Nationwide, American businesses export about $300 million in agricultural products to Cuba each year-- and that's just for humanitarian purposes. If the trade embargo were lifted, the US Department of Agriculture believes that number would be more than three times as much.

But Congress has not lifted the embargo -- yet. Instead, for more than 50 years, American businesses and farmers have been hamstrung by it, unable to fully tap into a market with 11 million people just 90 miles from our shore. Let's be honest: The trade embargo with Cuba hasn't secured our interests or helped the Cuban people. Because the way to promote positive change and better human rights in Cuba is through engagement, not isolation.

With American business shut out, other countries have moved in. In 2015, I visited the port of Mariel - a massive new port designed to handle the largest ships in the world. Brazil is financing a $1 billion project, and in return, Cuba purchased more than $800 million in goods and services from Brazilian suppliers. The computers the port uses are from China.

It doesn't make sense that American companies are not part of this critical economic development. It's not that American businesses can't compete, it's that we've been shut out of the competition altogether.

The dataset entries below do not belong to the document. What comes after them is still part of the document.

(* Let $k$ be an algebraically closed field of characteristic zero, let $p(z)\in k[z]$ be a polynomial of degree $2$ with simple roots, and let $D_p\subset\mathbb{A}^3$ be the surface $xy=p(z)$. Then the bracket width of the simple Lie algebra $\mathrm{Lie}_{\mathrm{LND}}(D_p)$ is at most two.
   Context: $\mathrm{Lie}_{\mathrm{LND}}(D_p)$ denotes the Lie subalgebra of $\mathrm{Vec}(D_p)$ generated by all locally nilpotent vector fields (vector fields whose associated $k$-derivation $\partial$ of $\mathcal{O}(D_p)$ satisfies: each $f$ is killed by some power of $\partial$). The bracket width of a Lie algebra $L$ is the supremum over $a\in[L,L]$ of the smallest number $m$ such that $a$ is a sum of $m$ brackets of elements of $L$. *)

theory Defs
  imports "HOL-Computational_Algebra.Polynomial"
begin

definition alg_closed :: "('a::field) itself \<Rightarrow> bool" where
  "alg_closed _ \<longleftrightarrow> (\<forall>q :: 'a poly. degree q \<ge> 1 \<longrightarrow> (\<exists>x. poly q x = 0))"

inductive_set poly_fun3 :: "('a::comm_ring_1 \<times> 'a \<times> 'a \<Rightarrow> 'a) set" where
  pf_const: "(\<lambda>_. c) \<in> poly_fun3"
| pf_x: "(\<lambda>(x, y, z). x) \<in> poly_fun3"
| pf_y: "(\<lambda>(x, y, z). y) \<in> poly_fun3"
| pf_z: "(\<lambda>(x, y, z). z) \<in> poly_fun3"
| pf_add: "f \<in> poly_fun3 \<Longrightarrow> g \<in> poly_fun3 \<Longrightarrow> (\<lambda>v. f v + g v) \<in> poly_fun3"
| pf_mult: "f \<in> poly_fun3 \<Longrightarrow> g \<in> poly_fun3 \<Longrightarrow> (\<lambda>v. f v * g v) \<in> poly_fun3"
(* Let $P$ be a poset on $[n]$ with natural labeling and let all edge weights $x_1,\dots,x_n$ be strictly positive. Then each of the four continuous time Markov chains on $\mathcal{L}(P)$ given by the uniform transposition graph, the transposition graph, the uniform promotion graph, and the promotion graph is irreducible, and hence has a unique stationary distribution.
   Context: $\mathcal{L}(P)=\{\pi\in S_n : i\prec j \Rightarrow \pi^{-1}_i<\pi^{-1}_j\}$ in one-line notation $\pi=\pi_1\cdots\pi_n$. $\pi\tau_i$ ($1\le i<n$) swaps $\pi_i,\pi_{i+1}$ if they are incomparable and is $\pi$ otherwise; operators act on the right; $\partial_j=\tau_j\cdots\tau_{n-1}$ ($1\le j\le n$). All four graphs have vertex set $\mathcal{L}(P)$: uniform transposition graph has edges $\pi\to\pi\tau_j$ of weight $x_j$ ($j\in[n-1]$); transposition graph has edges $\pi\to\pi\tau_j$ of weight $x_{\pi_j}$; uniform promotion graph has edges $\pi\to\pi\partial_j$ of weight $x_j$ ($j\in[n]$); promotion graph has edges $\pi\to\pi\partial_j$ of weight $x_{\pi_j}$. The associated continuous time chain traverses each edge at rate equal to its weight; it is irreducible if its digraph is strongly connected. *)

theory Defs
  imports Complex_Main
begin

text \<open>Permutations are lists in one-line notation, with 1-based access pi_i = pi ! (i-1).\<close>

definition poset_on :: "nat \<Rightarrow> (nat \<times> nat) set \<Rightarrow> bool" where
  "poset_on n P \<longleftrightarrow> P \<subseteq> {1..n} \<times> {1..n} \<and> partial_order_on {1..n} P"

definition prec :: "(nat \<times> nat) set \<Rightarrow> nat \<Rightarrow> nat \<Rightarrow> bool" where
  "prec P i j \<longleftrightarrow> (i, j) \<in> P \<and> i \<noteq> j"

definition natural_labeling :: "nat \<Rightarrow> (nat \<times> nat) set \<Rightarrow> bool" where
  "natural_labeling n P \<longleftrightarrow> (\<forall>i j. prec P i j \<longrightarrow> i < j)"

definition ent :: "nat list \<Rightarrow> nat \<Rightarrow> nat" where
  "ent \<pi> i = \<pi> ! (i - 1)"

definition is_perm :: "nat \<Rightarrow> nat list \<Rightarrow> bool" where
  "is_perm n \<pi> \<longleftrightarrow> length \<pi> = n \<and> distinct \<pi> \<and> set \<pi> = {1..n}"

definition inv_ent :: "nat list \<Rightarrow> nat \<Rightarrow> nat" where
  "inv_ent \<pi> i = (THE a. a \<in> {1..length \<pi>} \<and> ent \<pi> a = i)"

definition linext :: "nat \<Rightarrow> (nat \<times> nat) set \<Rightarrow> nat list set" where
  "linext n P = {\<pi>. is_perm n \<pi> \<and> (\<forall>i j. prec P i j \<longrightarrow> inv_ent \<pi> i < inv_ent \<pi> j)}"

definition incomparable :: "(nat \<times> nat) set \<Rightarrow> nat \<Rightarrow> nat \<Rightarrow> bool" where
  "incomparable P a b \<longleftrightarrow> \<not> prec P a b \<and> \<not> prec P b a"

definition tau :: "(nat \<times> nat) set \<Rightarrow> nat list \<Rightarrow> nat \<Rightarrow> nat list" where
  "tau P \<pi> i = (if incomparable P (ent \<pi> i) (ent \<pi> (i + 1))
                then \<pi>[i - 1 := ent \<pi> (i + 1), i := ent \<pi> i] else \<pi>)"

text \<open>pi partial_j = pi tau_j tau_{j+1} ... tau_{n-1} (operators act on the right,
so tau_j is applied first).\<close>
definition prom :: "nat \<Rightarrow> (nat \<times> nat) set \<Rightarrow> nat list \<Rightarrow> nat \<Rightarrow> nat list" where
  "prom n P \<pi> j = fold (\<lambda>i \<sigma>. tau P \<sigma> i) [j..<n] \<pi>"

text \<open>A weighted (multi)digraph on vertex set V: from each vertex pi there is one edge
pi -> f pi j of weight w pi j for each label j in J.\<close>

definition rate :: "'v set \<Rightarrow> 'l set \<Rightarrow> ('v \<Rightarrow> 'l \<Rightarrow> 'v) \<Rightarrow> ('v \<Rightarrow> 'l \<Rightarrow> real) \<Rightarrow> 'v \<Rightarrow> 'v \<Rightarrow> real" where
  "rate V J f w \<pi> \<sigma> = (\<Sum>j\<in>{j\<in>J. f \<pi> j = \<sigma>}. w \<pi> j)"

definition generator :: "'v set \<Rightarrow> 'l set \<Rightarrow> ('v \<Rightarrow> 'l \<Rightarrow> 'v) \<Rightarrow> ('v \<Rightarrow> 'l \<Rightarrow> real) \<Rightarrow> 'v \<Rightarrow> 'v \<Rightarrow> real" where
  "generator V J f w \<pi> \<sigma> =
     (if \<pi> = \<sigma> then - (\<Sum>\<rho>\<in>V - {\<pi>}. rate V J f w \<pi> \<rho>) else rate V J f w \<pi> \<sigma>)"

definition digraph_edges :: "'v set \<Rightarrow> 'l set \<Rightarrow> ('v \<Rightarrow> 'l \<Rightarrow> 'v) \<Rightarrow> ('v \<Rightarrow> 'l \<Rightarrow> real) \<Rightarrow> ('v \<times> 'v) set" where
  "digraph_edges V J f w = {(\<pi>, \<sigma>). \<pi> \<in> V \<and> \<sigma> \<in> V \<and> (\<exists>j\<in>J. f \<pi> j = \<sigma> \<and> w \<pi> j > 0)}"

definition irreducible_chain :: "'v set \<Rightarrow> 'l set \<Rightarrow> ('v \<Rightarrow> 'l \<Rightarrow> 'v) \<Rightarrow> ('v \<Rightarrow> 'l \<Rightarrow> real) \<Rightarrow> bool" where
  "irreducible_chain V J f w \<longleftrightarrow>
     (\<forall>\<pi>\<in>V. \<forall>\<sigma>\<in>V. (\<pi>, \<sigma>) \<in> (digraph_edges V J f w)\<^sup>*)"

definition stationary :: "'v set \<Rightarrow> 'l set \<Rightarrow> ('v \<Rightarrow> 'l \<Rightarrow> 'v) \<Rightarrow> ('v \<Rightarrow> 'l \<Rightarrow> real) \<Rightarrow> ('v \<Rightarrow> real) \<Rightarrow> bool" where
  "stationary V J f w p \<longleftrightarrow>
     (\<forall>\<pi>. \<pi> \<notin> V \<longrightarrow> p \<pi> = 0) \<and> (\<forall>\<pi>\<in>V. p \<pi> \<ge> 0) \<and> (\<Sum>\<pi>\<in>V. p \<pi>) = 1 \<and>
     (\<forall>\<sigma>\<in>V. (\<Sum>\<pi>\<in>V. p \<pi> * generator V J f w \<pi> \<sigma>) = 0)"

definition unique_stationary :: "'v set \<Rightarrow> 'l set \<Rightarrow> ('v \<Rightarrow> 'l \<Rightarrow> 'v) \<Rightarrow> ('v \<Rightarrow> 'l \<Rightarrow> real) \<Rightarrow> bool" where
  "unique_stationary V J f w \<longleftrightarrow> (\<exists>!p. stationary V J f w p)"

end

theory Submission
  imports Defs "HOL-Combinatorics.Permutations"
begin

text \<open>A finite generator always has an invariant probability vector; this follows by induction on
  the state space, eliminating one state at a time by a Schur complement (the chain censored to
  the remaining states). If the digraph of positive rates is strongly connected, zeros of a
  nonnegative invariant vector spread backwards along edges, so invariant probability vectors are
  positive and, by a minimum-ratio argument, unique.

  By the natural labelling an adjacent descent of a linear extension consists of
  incomparable elements, so swapping descents sorts every linear extension to the identity; as the
  \<open>\<tau>\<^sub>j\<close> are involutions, the graph is strongly connected. For the promotion graphs,
  \<open>\<pi>\<partial>\<^sub>i = (\<pi>\<tau>\<^sub>i)\<partial>\<^sub>i\<^sub>+\<^sub>1\<close>, and \<open>\<partial>\<^sub>i\<^sub>+\<^sub>1\<close> permutes the finite set
  \<open>\<L>(P)\<close>, so following its cycle leads back from \<open>\<pi>\<partial>\<^sub>i\<close> to \<open>\<pi>\<tau>\<^sub>i\<close>.\<close>

section \<open>Invariant measures of finite generators\<close>

definition q_matrix :: "'v set \<Rightarrow> ('v \<Rightarrow> 'v \<Rightarrow> real) \<Rightarrow> bool" where
  "q_matrix V Q \<longleftrightarrow>
     (\<forall>\<pi>\<in>V. \<forall>\<sigma>\<in>V. \<pi> \<noteq> \<sigma> \<longrightarrow> 0 \<le> Q \<pi> \<sigma>) \<and> (\<forall>\<pi>\<in>V. (\<Sum>\<sigma>\<in>V. Q \<pi> \<sigma>) = 0)"

definition invariant_measure :: "'v set \<Rightarrow> ('v \<Rightarrow> 'v \<Rightarrow> real) \<Rightarrow> ('v \<Rightarrow> real) \<Rightarrow> bool" where
  "invariant_measure V Q e \<longleftrightarrow>
     (\<forall>\<pi>\<in>V. 0 \<le> e \<pi>) \<and> (\<forall>\<sigma>\<in>V. (\<Sum>\<pi>\<in>V. e \<pi> * Q \<pi> \<sigma>) = 0)"

lemma q_matrix_diag_nonpos:
  assumes "finite V" "q_matrix V Q" "v \<in> V"
  shows "Q v v \<le> 0"
proof -
  have "Q v v + (\<Sum>\<sigma>\<in>V - {v}. Q v \<sigma>) = 0"
    using assms by (simp add: q_matrix_def sum.remove)
  moreover have "0 \<le> (\<Sum>\<sigma>\<in>V - {v}. Q v \<sigma>)"
    using assms(2,3) by (auto simp: q_matrix_def intro!: sum_nonneg)
  ultimately show ?thesis by linarith
qed

lemma invariant_measure_absorbing_indicator:
  assumes "finite V" "q_matrix V Q" "v \<in> V" "Q v v = 0"
  shows "invariant_measure V Q (\<lambda>\<pi>. if \<pi> = v then 1 else 0)"
proof -
  have "(\<Sum>\<sigma>\<in>V - {v}. Q v \<sigma>) = 0"
    using assms sum.remove[OF assms(1,3), of "Q v"] by (simp add: q_matrix_def)
  then have "\<forall>\<sigma>\<in>V - {v}. Q v \<sigma> = 0"
    using assms by (subst (asm) sum_nonneg_eq_0_iff) (auto simp: q_matrix_def)
  then have "\<forall>\<sigma>\<in>V. Q v \<sigma> = 0"
    using assms(4) by blast
  moreover have "(\<Sum>\<pi>\<in>V. (if \<pi> = v then 1 else 0) * Q \<pi> \<sigma>) = Q v \<sigma>" for \<sigma>
  proof -
    have "(\<Sum>\<pi>\<in>V. (if \<pi> = v then 1 else 0) * Q \<pi> \<sigma>) = (\<Sum>\<pi>\<in>V. if \<pi> = v then Q \<pi> \<sigma> else 0)"
      by (rule sum.cong) auto
    then show ?thesis
      using assms(1,3) by simp
  qed
  ultimately show ?thesis
    by (simp add: invariant_measure_def)
qed

text \<open>The Schur complement of the entry \<open>Q v v\<close>: the generator of the chain observed only
  while it is off \<open>v\<close>.\<close>
definition censor :: "('v \<Rightarrow> 'v \<Rightarrow> real) \<Rightarrow> 'v \<Rightarrow> 'v \<Rightarrow> 'v \<Rightarrow> real" where
  "censor Q v \<pi> \<sigma> = Q \<pi> \<sigma> - Q \<pi> v * Q v \<sigma> / Q v v"

lemma q_matrix_censor:
  assumes fin: "finite V" and Q: "q_matrix V Q" and v: "v \<in> V" "Q v v \<noteq> 0"
  shows "q_matrix (V - {v}) (censor Q v)"
proof -
  have neg: "Q v v < 0"
    using q_matrix_diag_nonpos[OF fin Q v(1)] v(2) by linarith
  have row: "(\<Sum>\<sigma>\<in>V - {v}. Q \<pi> \<sigma>) = - Q \<pi> v" if "\<pi> \<in> V" for \<pi>
    using Q that sum.remove[OF fin v(1), of "Q \<pi>"] by (simp add: q_matrix_def)
  have "0 \<le> censor Q v \<pi> \<sigma>" if "\<pi> \<in> V - {v}" "\<sigma> \<in> V - {v}" "\<pi> \<noteq> \<sigma>" for \<pi> \<sigma>
  proof -
    have "0 \<le> Q \<pi> \<sigma>" "0 \<le> Q \<pi> v * Q v \<sigma>"
      using Q that v(1) by (auto simp: q_matrix_def)
    then have "Q \<pi> v * Q v \<sigma> / Q v v \<le> 0"
      using neg by (simp add: divide_nonneg_neg)
    then show ?thesis
      using \<open>0 \<le> Q \<pi> \<sigma>\<close> by (simp add: censor_def)
  qed
  moreover have "(\<Sum>\<sigma>\<in>V - {v}. censor Q v \<pi> \<sigma>) = 0" if "\<pi> \<in> V - {v}" for \<pi>
    using that row[of \<pi>] row[OF v(1)] v(2)
    by (simp add: censor_def sum_subtractf sum_divide_distrib[symmetric] sum_distrib_left[symmetric])
  ultimately show ?thesis
    by (simp add: q_matrix_def)
qed

lemma invariant_measure_censor_lift:
  assumes fin: "finite V" and Q: "q_matrix V Q" and v: "v \<in> V" "Q v v \<noteq> 0"
    and e: "invariant_measure (V - {v}) (censor Q v) e"
  shows "invariant_measure V Q (e(v := (\<Sum>\<rho>\<in>V - {v}. e \<rho> * Q \<rho> v) / - Q v v))"
    (is "invariant_measure V Q (e(v := ?ev))")
proof -
  have neg: "Q v v < 0"
    using q_matrix_diag_nonpos[OF fin Q v(1)] v(2) by linarith
  have "0 \<le> (\<Sum>\<rho>\<in>V - {v}. e \<rho> * Q \<rho> v)"
    using e Q v(1) by (auto simp: invariant_measure_def q_matrix_def intro!: sum_nonneg mult_nonneg_nonneg)
  then have "0 \<le> ?ev"
    using neg by (simp add: divide_nonneg_neg)
  then have "\<forall>\<pi>\<in>V. 0 \<le> (e(v := ?ev)) \<pi>"
    using e by (auto simp: invariant_measure_def)
  moreover have "(\<Sum>\<pi>\<in>V. (e(v := ?ev)) \<pi> * Q \<pi> \<sigma>) = 0" if \<sigma>: "\<sigma> \<in> V" for \<sigma>
  proof -
    have split: "(\<Sum>\<pi>\<in>V. (e(v := ?ev)) \<pi> * Q \<pi> \<sigma>) = ?ev * Q v \<sigma> + (\<Sum>\<pi>\<in>V - {v}. e \<pi> * Q \<pi> \<sigma>)"
      using fin v(1) by (simp add: sum.remove)
    show ?thesis
    proof (cases "\<sigma> = v")
      case True
      then show ?thesis using split v(2) by simp
    next
      case False
      have "0 = (\<Sum>\<pi>\<in>V - {v}. e \<pi> * censor Q v \<pi> \<sigma>)"
        using e \<sigma> False by (simp add: invariant_measure_def)
      also have "\<dots> = (\<Sum>\<pi>\<in>V - {v}. e \<pi> * Q \<pi> \<sigma>) + ?ev * Q v \<sigma>"
        by (simp add: censor_def algebra_simps sum_subtractf sum_divide_distrib[symmetric]
            sum_distrib_left sum_distrib_right)
      finally show ?thesis using split by simp
    qed
  qed
  ultimately show ?thesis
    by (simp add: invariant_measure_def)
qed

That's why, together with Republican Sen. Mike Enzi, I have introduced legislation -- the Freedom to Export to Cuba Act -- to lift the trade embargo once and for all and knock down the legal barriers to Americans doing business in Cuba, boosting exports and creating jobs here at home. It keeps in place the important human rights and property claims provisions already in US law.

Under the Obama administration, we started taking steps in the right direction. Today, traveling to Cuba is easier. American airlines have started new routes to Cuba and the first American hotel opened in Cuba last year.

US companies can work on telecommunications infrastructure in Cuba, and in late April, Google launched its first servers to make it the first foreign company to go live in Cuba. There are fewer barriers to banking in Cuba now, and our two governments are working on issues like agricultural productivity and food security, too.

We can and must do more. We have only scratched the surface with what's possible. But now we have a new administration that has a different outlook on US-Cuba relations, which may result in a reversal of some of this progress.

Engage Cuba -- a nonpartisan organization representing economists, business groups, and experts -- has said that reversing the policies of the Obama Administration could cost the United States economy more than $6 billion and more than 12,000 American jobs over the next four years.

The President is a businessman, and I hope that he can see that cutting off Cuba is a bad deal for American business. And I'd ask, why not take another step forward instead of two steps back? After all, the opportunity is there.

The private sector accounts for nearly one third of Cuba's workforce, and there are currently over 500,000 licensed entrepreneurs. They need a good Internet connection. They need computers and office supplies. They need car parts. And if American businesses are shut out in providing these goods and services, other countries will step in.

On top of that, more than a million Americans will travel to Cuba over the next year. They need a way to get there. They need a place to stay. They need something to eat. Again, if American businesses are shut out, these tourists will be sleeping in Spanish-owned hotels and eating food from China. That's not what we want.

As a nation, America is at its best when we are thinking and making things and exporting to the world.

Americans agree that we need to increase -- rather than decrease -- engagement with Cuba. During the last Congress, 25 senators, both Republicans and Democrats, supported my bill to lift the embargo. And even more expressed support for the bill behind the scenes. I really believe that if it had come to a vote on the Senate floor, it would have had a very good chance at passing.

Rebuilding our relationship with Cuba would be a win for American business and a win for the Cuban people.